Throttling Tasks

Throttling Tasks #

Finally, we look at a class used by the grid coloring application that is useful in other contexts too. To implement the animation, the coloring algorithm notifies the image canvas to rerender the image when colors in the grid change. However, when too many notifications arrive in a short time the user interface thread becomes unresponsive. To avoid overloading the user interface thread with notifications we use a class for throttling tasks represented as Runnable instances. Throttling is implemented by delaying executed tasks and ignoring subsequent executions until the delay is over.

The ColoringApp uses the following line to register a throttled rendering task to be executed by the coloring algorithm.

coloring.onChange(new Throttled(canvas::rerender, 200, TimeUnit.MILLISECONDS));

The rerender method does not actually perform the rendering. It only signals to the user interface thread that rerendering is necessary.

The Throttled class stores the arguments passed in the costructor and has a run method that is implemented as follows.
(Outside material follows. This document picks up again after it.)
(* Let $\mathcal{A}$ be a finite set of players and $\mathcal{R}$ a finite set of resources. Each player $i\in\mathcal{A}$ has a finite set $\Gamma_i$ of strategies (trajectories), and each $\gamma_i\in\Gamma_i$ determines a set $\gamma_i^{\mathrm{cg}}\subseteq\mathcal{R}$ of used resources. For a joint strategy $\gamma=(\gamma_i)_{i\in\mathcal{A}}\in\Gamma=\prod_i\Gamma_i$, the load of $r\in\mathcal{R}$ is $l_r(\gamma)=\sum_{i\in\mathcal{A}}\mathbf{1}[r\in\gamma_i^{\mathrm{cg}}]$. Each resource $r$ has a cost function $J_r:\mathbb{N}\to\mathbb{R}$ which is a polynomial with non-negative coefficients and degree at most $d\in\mathbb{N}$. Player $i$'s cost is $J_i(\gamma)=J_i^{\mathrm{cg}}(\gamma)+J_i^{\mathrm{per}}(\gamma_i)$, where $J_i^{\mathrm{cg}}(\gamma)=\sum_{r\in\gamma_i^{\mathrm{cg}}}J_r(l_r(\gamma))$ and $J_i^{\mathrm{per}}:\Gamma_i\to\mathbb{R}_{\ge 0}$ is a personal cost depending only on $\gamma_i$. Let $C(\gamma)=\sum_{i}J_i(\gamma)$, let $\Gamma_{\mathrm{NE}}$ be the set of pure Nash equilibria, $\Gamma^\star=\arg\min_{\gamma\in\Gamma}C(\gamma)$, and $\mathrm{PoA}=\max_{\gamma\in\Gamma_{\mathrm{NE}}}C(\gamma)/\min_{\gamma\in\Gamma}C(\gamma)$. Let $\alpha^\star\in\mathbb{R}_{\ge0}$ be the largest constant such that $J_i^{\mathrm{per}}(\gamma_i)\ge\alpha^\star J_i^{\mathrm{cg}}(\gamma)$ for all $i\in\mathcal{A}$ and all $\gamma\in\Gamma_{\mathrm{NE}}\cup\Gamma^\star$. Let $\Psi_{d,\alpha^\star}$ be the positive real solution of $x^{d+1}+\alpha^\star x^{d+1}=(x+1)^d+\alpha^\star$ and $k=\lfloor\Psi_{d,\alpha^\star}\rfloor$. Then $$\mathrm{PoA}\le\frac{(k+1)^{2d+1}-k^{d+1}(k+2)^d+\alpha^\star\left((k+1)^{d+1}-k^{d+1}\right)}{(1+\alpha^\star)\left((k+1)^{d+1}-k^{d+1}\right)-(k+2)^d+(k+1)^d}.$$
   Context: This models urban driving games as congestion games: resources are cells of a discretization of the road in space, time and "proximity levels", and a trajectory uses the resources corresponding to its (inflated) spatio-temporal occupancy. Costs are assumed positive (non-negative). A pure Nash equilibrium is a $\gamma$ with $J_i(\gamma)\le J_i(\gamma_i',\gamma_{-i})$ for all $i$ and all $\gamma_i'\in\Gamma_i$. *)

theory Defs
  imports "HOL-Library.FuncSet" "HOL-Computational_Algebra.Polynomial"
begin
public synchronized void run() {
    if (!delayed) {
        delayed = true;
        service.schedule(() -> {
            command.run();
            delayed = false;
        }, delay, unit);
    }
}

The run method is synchronized to prevent different threads from executing it at the same time. The delayed flag signifies whether the current invocation should be ignored because a previous invocation has already been delayed. If the current invocation is not ignored it is delayed according to the delay passed in the constructor. The service used to execute the delayed task is an instance of ScheduledExecutionService initialized in the constructor.